* _Problem statement_: Nothing should differ between your output and the entries below.

* _Dataset records_:
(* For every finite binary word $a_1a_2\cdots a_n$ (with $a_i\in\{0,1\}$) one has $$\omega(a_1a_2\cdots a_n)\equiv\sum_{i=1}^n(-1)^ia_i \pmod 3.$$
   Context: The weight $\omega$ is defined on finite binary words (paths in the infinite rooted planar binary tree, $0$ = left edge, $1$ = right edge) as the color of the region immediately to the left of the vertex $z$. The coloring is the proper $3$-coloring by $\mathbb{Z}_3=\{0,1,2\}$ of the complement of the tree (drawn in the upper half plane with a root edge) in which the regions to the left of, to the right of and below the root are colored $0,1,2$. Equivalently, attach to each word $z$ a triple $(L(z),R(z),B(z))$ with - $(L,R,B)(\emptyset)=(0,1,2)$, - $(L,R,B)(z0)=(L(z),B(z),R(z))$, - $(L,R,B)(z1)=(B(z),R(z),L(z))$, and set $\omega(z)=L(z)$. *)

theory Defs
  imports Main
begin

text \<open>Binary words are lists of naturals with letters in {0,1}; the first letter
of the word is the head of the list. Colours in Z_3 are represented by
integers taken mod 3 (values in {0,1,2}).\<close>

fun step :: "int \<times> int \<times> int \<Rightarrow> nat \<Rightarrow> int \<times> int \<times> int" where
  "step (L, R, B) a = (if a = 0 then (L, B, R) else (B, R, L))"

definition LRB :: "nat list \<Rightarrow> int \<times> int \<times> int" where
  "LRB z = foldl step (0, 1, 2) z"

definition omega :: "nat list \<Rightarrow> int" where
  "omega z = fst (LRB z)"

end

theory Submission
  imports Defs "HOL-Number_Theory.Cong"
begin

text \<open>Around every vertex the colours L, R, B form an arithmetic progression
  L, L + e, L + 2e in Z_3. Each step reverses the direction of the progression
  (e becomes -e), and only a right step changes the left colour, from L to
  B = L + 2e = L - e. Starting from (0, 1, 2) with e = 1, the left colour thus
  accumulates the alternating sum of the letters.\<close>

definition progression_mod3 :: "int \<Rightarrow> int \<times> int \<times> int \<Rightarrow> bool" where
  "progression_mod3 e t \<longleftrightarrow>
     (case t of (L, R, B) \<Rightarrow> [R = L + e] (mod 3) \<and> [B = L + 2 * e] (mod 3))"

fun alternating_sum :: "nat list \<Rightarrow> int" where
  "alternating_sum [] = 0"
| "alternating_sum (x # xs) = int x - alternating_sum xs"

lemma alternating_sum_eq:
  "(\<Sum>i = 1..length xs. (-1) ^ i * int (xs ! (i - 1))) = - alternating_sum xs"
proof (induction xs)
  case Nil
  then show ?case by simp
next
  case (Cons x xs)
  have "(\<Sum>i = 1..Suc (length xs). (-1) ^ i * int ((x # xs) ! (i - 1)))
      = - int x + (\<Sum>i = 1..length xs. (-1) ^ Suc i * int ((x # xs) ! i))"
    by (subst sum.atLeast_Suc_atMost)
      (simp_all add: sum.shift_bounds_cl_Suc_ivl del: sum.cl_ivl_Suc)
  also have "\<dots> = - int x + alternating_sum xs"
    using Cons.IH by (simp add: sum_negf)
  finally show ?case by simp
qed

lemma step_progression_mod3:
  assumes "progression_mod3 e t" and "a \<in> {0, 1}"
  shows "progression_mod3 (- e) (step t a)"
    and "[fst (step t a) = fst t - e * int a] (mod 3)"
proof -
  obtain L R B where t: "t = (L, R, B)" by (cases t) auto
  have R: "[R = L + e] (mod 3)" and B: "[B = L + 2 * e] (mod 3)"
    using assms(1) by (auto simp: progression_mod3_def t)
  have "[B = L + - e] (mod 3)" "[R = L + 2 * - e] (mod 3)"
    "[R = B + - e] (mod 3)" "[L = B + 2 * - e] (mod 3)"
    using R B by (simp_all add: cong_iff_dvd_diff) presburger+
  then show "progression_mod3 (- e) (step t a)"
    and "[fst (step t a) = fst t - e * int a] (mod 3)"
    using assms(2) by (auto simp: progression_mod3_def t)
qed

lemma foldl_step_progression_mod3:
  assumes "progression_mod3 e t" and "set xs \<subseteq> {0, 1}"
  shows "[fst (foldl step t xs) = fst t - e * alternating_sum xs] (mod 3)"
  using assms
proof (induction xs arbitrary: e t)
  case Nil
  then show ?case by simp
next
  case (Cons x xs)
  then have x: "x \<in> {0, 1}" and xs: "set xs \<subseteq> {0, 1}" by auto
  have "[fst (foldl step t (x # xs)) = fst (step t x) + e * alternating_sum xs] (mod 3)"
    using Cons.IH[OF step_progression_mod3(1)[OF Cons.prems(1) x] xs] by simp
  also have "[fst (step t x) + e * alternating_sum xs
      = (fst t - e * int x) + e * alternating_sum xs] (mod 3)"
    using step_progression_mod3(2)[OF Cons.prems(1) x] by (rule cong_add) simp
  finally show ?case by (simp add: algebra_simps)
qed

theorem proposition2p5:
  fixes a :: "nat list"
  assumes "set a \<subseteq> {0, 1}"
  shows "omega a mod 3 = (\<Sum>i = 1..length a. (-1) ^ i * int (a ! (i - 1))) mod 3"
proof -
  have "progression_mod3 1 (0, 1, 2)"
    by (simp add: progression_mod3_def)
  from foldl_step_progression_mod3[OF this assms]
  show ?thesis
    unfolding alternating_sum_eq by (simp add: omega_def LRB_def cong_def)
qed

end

* _Reply_:
(* For every finite binary word $a_1a_2\cdots a_n$ (with $a_i\in\{0,1\}$) one has $$\omega(a_1a_2\cdots a_n)\equiv\sum_{i=1}^n(-1)^ia_i \pmod 3.$$
   Context: The weight $\omega$ is defined on finite binary words (paths in the infinite rooted planar binary tree, $0$ = left edge, $1$ = right edge) as the color of the region immediately to the left of the vertex $z$. The coloring is the proper $3$-coloring by $\mathbb{Z}_3=\{0,1,2\}$ of the complement of the tree (drawn in the upper half plane with a root edge) in which the regions to the left of, to the right of and below the root are colored $0,1,2$. Equivalently, attach to each word $z$ a triple $(L(z),R(z),B(z))$ with - $(L,R,B)(\emptyset)=(0,1,2)$, - $(L,R,B)(z0)=(L(z),B(z),R(z))$, - $(L,R,B)(z1)=(B(z),R(z),L(z))$, and set $\omega(z)=L(z)$. *)

theory Defs
  imports Main
begin

text \<open>Binary words are lists of naturals with letters in {0,1}; the first letter
of the word is the head of the list. Colours in Z_3 are represented by
integers taken mod 3 (values in {0,1,2}).\<close>

fun step :: "int \<times> int \<times> int \<Rightarrow> nat \<Rightarrow> int \<times> int \<times> int" where
  "step (L, R, B) a = (if a = 0 then (L, B, R) else (B, R, L))"

definition LRB :: "nat list \<Rightarrow> int \<times> int \<times> int" where
  "LRB z = foldl step (0, 1, 2) z"

definition omega :: "nat list \<Rightarrow> int" where
  "omega z = fst (LRB z)"

end

theory Submission
  imports Defs "HOL-Number_Theory.Cong"
begin

text \<open>Around every vertex the colours L, R, B form an arithmetic progression
  L, L + e, L + 2e in Z_3. Each step reverses the direction of the progression
  (e becomes -e), and only a right step changes the left colour, from L to
  B = L + 2e = L - e. Starting from (0, 1, 2) with e = 1, the left colour thus
  accumulates the alternating sum of the letters.\<close>

definition progression_mod3 :: "int \<Rightarrow> int \<times> int \<times> int \<Rightarrow> bool" where
  "progression_mod3 e t \<longleftrightarrow>
     (case t of (L, R, B) \<Rightarrow> [R = L + e] (mod 3) \<and> [B = L + 2 * e] (mod 3))"

fun alternating_sum :: "nat list \<Rightarrow> int" where
  "alternating_sum [] = 0"
| "alternating_sum (x # xs) = int x - alternating_sum xs"

lemma alternating_sum_eq:
  "(\<Sum>i = 1..length xs. (-1) ^ i * int (xs ! (i - 1))) = - alternating_sum xs"
proof (induction xs)
  case Nil
  then show ?case by simp
next
  case (Cons x xs)
  have "(\<Sum>i = 1..Suc (length xs). (-1) ^ i * int ((x # xs) ! (i - 1)))
      = - int x + (\<Sum>i = 1..length xs. (-1) ^ Suc i * int ((x # xs) ! i))"
    by (subst sum.atLeast_Suc_atMost)
      (simp_all add: sum.shift_bounds_cl_Suc_ivl del: sum.cl_ivl_Suc)
  also have "\<dots> = - int x + alternating_sum xs"
    using Cons.IH by (simp add: sum_negf)
  finally show ?case by simp
qed

lemma step_progression_mod3:
  assumes "progression_mod3 e t" and "a \<in> {0, 1}"
  shows "progression_mod3 (- e) (step t a)"
    and "[fst (step t a) = fst t - e * int a] (mod 3)"
proof -
  obtain L R B where t: "t = (L, R, B)" by (cases t) auto
  have R: "[R = L + e] (mod 3)" and B: "[B = L + 2 * e] (mod 3)"
    using assms(1) by (auto simp: progression_mod3_def t)
  have "[B = L + - e] (mod 3)" "[R = L + 2 * - e] (mod 3)"
    "[R = B + - e] (mod 3)" "[L = B + 2 * - e] (mod 3)"
    using R B by (simp_all add: cong_iff_dvd_diff) presburger+
  then show "progression_mod3 (- e) (step t a)"
    and "[fst (step t a) = fst t - e * int a] (mod 3)"
    using assms(2) by (auto simp: progression_mod3_def t)
qed

lemma foldl_step_progression_mod3:
  assumes "progression_mod3 e t" and "set xs \<subseteq> {0, 1}"
  shows "[fst (foldl step t xs) = fst t - e * alternating_sum xs] (mod 3)"
  using assms
proof (induction xs arbitrary: e t)
  case Nil
  then show ?case by simp
next
  case (Cons x xs)
  then have x: "x \<in> {0, 1}" and xs: "set xs \<subseteq> {0, 1}" by auto
  have "[fst (foldl step t (x # xs)) = fst (step t x) + e * alternating_sum xs] (mod 3)"
    using Cons.IH[OF step_progression_mod3(1)[OF Cons.prems(1) x] xs] by simp
  also have "[fst (step t x) + e * alternating_sum xs
      = (fst t - e * int x) + e * alternating_sum xs] (mod 3)"
    using step_progression_mod3(2)[OF Cons.prems(1) x] by (rule cong_add) simp
  finally show ?case by (simp add: algebra_simps)
qed

theorem proposition2p5:
  fixes a :: "nat list"
  assumes "set a \<subseteq> {0, 1}"
  shows "omega a mod 3 = (\<Sum>i = 1..length a. (-1) ^ i * int (a ! (i - 1))) mod 3"
proof -
  have "progression_mod3 1 (0, 1, 2)"
    by (simp add: progression_mod3_def)
  from foldl_step_progression_mod3[OF this assms]
  show ?thesis
    unfolding alternating_sum_eq by (simp add: omega_def LRB_def cong_def)
qed

end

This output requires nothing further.